Ohh, I absolutely love these! So homey and comforting 🙂 Hope you feel better soon!


thank you, these scones are WONDERFUL! (made them yesterday) …..very light and delicate yet quite hearty. this “base” recipe is going to stay handy for other fruit/nut combos!


I was just reading about My Nepenthe on another blog. The book sounds amazing. These scones look so lovely.

Erika from The Pastry Chef At Home

Bummer–I hope you get better quick. Being sick is the pits! These scones look amazing and hopefully they’ll help you get better faster ;-D!


I read your post with interest, but was initially not motivated to follow-up. Then I sneezed, Then I coughed. While making a pot of tea, I remembered your post and decided to make some scones of my own. I never got sick. I have not sneezed again. Thank you for this recipe and for my good health.
ps – I hope you feel better soon.

The Runaway Spoon

@susan – thank you so much for the info!!!
I use a web-converter, and usually remember to choose the appropriate imperial mesure 😀


I baked these this morning, only I halved the recipe and used dried cherries reconstituted cuz that is what I had on hand.
The flavor is wonderful, mine came out more cake like rather than very dry, and they were nice and high. My question is Why cake like? I buy scones and they are always the delicious dry version. Is the oven not hot enough?
Also, an aside: Tom from Tall Clover Farm::)
are you married? If not, would you like to be?
Thanks Heidi, I like your style for food and photography of beautiful food. Keep using your immune system boosters!


Yum! These came out great! I added some frozen blueberries instead of the currants and the orange-blueberry combination was delicious. Thank you for the recipe and for inspiring me to buy buttermilk for the first time!


Heidi!! You are the most talented person!!! I truly believe you eat and make the best food in the world. I love your style of cooking and the dishes and flavors you use. Thank you so much!


I just love your photos!


Great review! It’s nice to see that there are such great stories in these books!

Warren Farrell

Hi Heidi,
These scones look awesome. Except I am not going to find wheat pastry flour. So what are my options? I can get wheat flour, and really decent ones, and the refined white flour which is like b-l-e-c-h!
Do tell me pls?
For your cough, cold etc, grate 1 inch piece of juicy ginger into 2 cups of water, boil it 7-8 mins, strain it, add 2 tsp honey and 2 tsp lemon and drink it hot…helps in ways we cannot imagine…If you can find the Holy Basil (different from the Italian ones I’d imagine) add 10 leaves to the boil, to the count of 7. Then let it sit. Then add the honey ( no lemon).
Get well soon and fully Heidi…


Delicious. I soaked the currants in the juice of the orange for a bit (blitz the currant/orange juice mixture in the microwave if you are in a hurry). Then I added the lot – orange juice and all. I used ordinary milk, as I usually do with scones. It was fine.

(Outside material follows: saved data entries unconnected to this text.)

(* Let $\psi_u$ and $\psi_{\tilde u}$ be independent, each uniformly distributed on $(0,2\pi)$. Then, conditioned on $t=\frac34-\frac{\psi_u}{2\pi}$ (equivalently, on $\psi_u$), the CDF of $Y_{\tilde u}$ is, for $Y\in[0,\zeta_{\tilde u}/V^2]$, $$F_{Y_{\tilde u}}(Y\mid t)=1-\frac{1}{\pi}\arccos\!\Big(\frac{2V^2}{\zeta_{\tilde u}}Y-1\Big),\qquad V=\frac{\sin(\pi/\mu)}{W}.$$ Since this does not depend on $t$, $Y_{\tilde u}$ is independent of $\psi_u$ and hence of $\alpha_{\mathrm I}$.
   Context: Setup: Let $W\ge 1$ be an integer and $\mu\ge 2$ an even integer, and set $K=\mu W+1$. Let $\zeta_u>0$, and for $k=1,\dots,K$ let $h_{u,k}=\zeta_u^{1/2}e^{j(\psi_u+2\pi(k-1)/\mu)}$, where $j=\sqrt{-1}$. Let $\mathcal K_1=\{k\in\{2,\dots,K\}:\operatorname{Re}(h_{u,k})>0\}$ and $\alpha_{\mathrm I}=\big(\sum_{k\in\mathcal K_1}\operatorname{Re}(h_{u,k})\big)^2$. For an interfering user $\tilde u$ with $\zeta_{\tilde u}>0$ and phase $\psi_{\tilde u}$, let $h_{\tilde u,k}=\zeta_{\tilde u}^{1/2}e^{j(\psi_{\tilde u}+2\pi(k-1)/\mu)}$ and $Y_{\tilde u}=\big(\sum_{k\in\mathcal K_1}\operatorname{Re}(h_{\tilde u,k})\big)^2$. *)

theory Defs
  imports "HOL-Probability.Probability"
begin

definition hcoef :: "real \<Rightarrow> real \<Rightarrow> nat \<Rightarrow> nat \<Rightarrow> complex" where
  "hcoef zeta psi mu k = complex_of_real (sqrt zeta) * cis (psi + 2 * pi * (real k - 1) / real mu)"

text \<open>The index set K_1 = {k in {2..K} : Re h_{u,k} > 0}, K = mu W + 1.\<close>
definition K1 :: "nat \<Rightarrow> nat \<Rightarrow> real \<Rightarrow> real \<Rightarrow> nat set" where
  "K1 W mu zeta_u psi_u = {k \<in> {2..mu * W + 1}. Re (hcoef zeta_u psi_u mu k) > 0}"

definition alphaI :: "nat \<Rightarrow> nat \<Rightarrow> real \<Rightarrow> real \<Rightarrow> real" where
  "alphaI W mu zeta_u psi_u = (\<Sum>k\<in>K1 W mu zeta_u psi_u. Re (hcoef zeta_u psi_u mu k))\<^sup>2"

definition Yint :: "nat \<Rightarrow> nat \<Rightarrow> real \<Rightarrow> real \<Rightarrow> real \<Rightarrow> real \<Rightarrow> real" where
  "Yint W mu zeta_u psi_u zeta_t psi_t =
     (\<Sum>k\<in>K1 W mu zeta_u psi_u. Re (hcoef zeta_t psi_t mu k))\<^sup>2"

definition Unif :: "real measure" where
  "Unif = uniform_measure lborel {0<..<2 * pi}"

end

theory Submission
  imports Defs
begin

These look so fantastic! I love a warm scone on a cold, winter day with a cup of tea, so these will be on the baking list for sure. Thanks for sharing!


Hi there (frequent reader – first time commenter),
I love scones and look forward to trying these. Has anyone tried using soy milk instead of buttemilk in recipes (like this one)? My youngest daughter is allergic to dairy so I’m always converting recipes. I’ve avoided buttermilk recipes though until now.
If I try it before getting a response, I’ll let you know how they turned out. 🙂


My parents ate at Nepenthe while their way to Carmel on their honeymoon, back in 1983. Needless to say, they have taken their kids back with them a few times when we were in Northern California. Absolutely delicious and a stunning vista too. Good memories, thank you. Perhaps the cookbook will make a nice holiday gift for them? Oh, and the scones do look really tasty. I’ll try to remember to put the recipe on my to-be-baked list.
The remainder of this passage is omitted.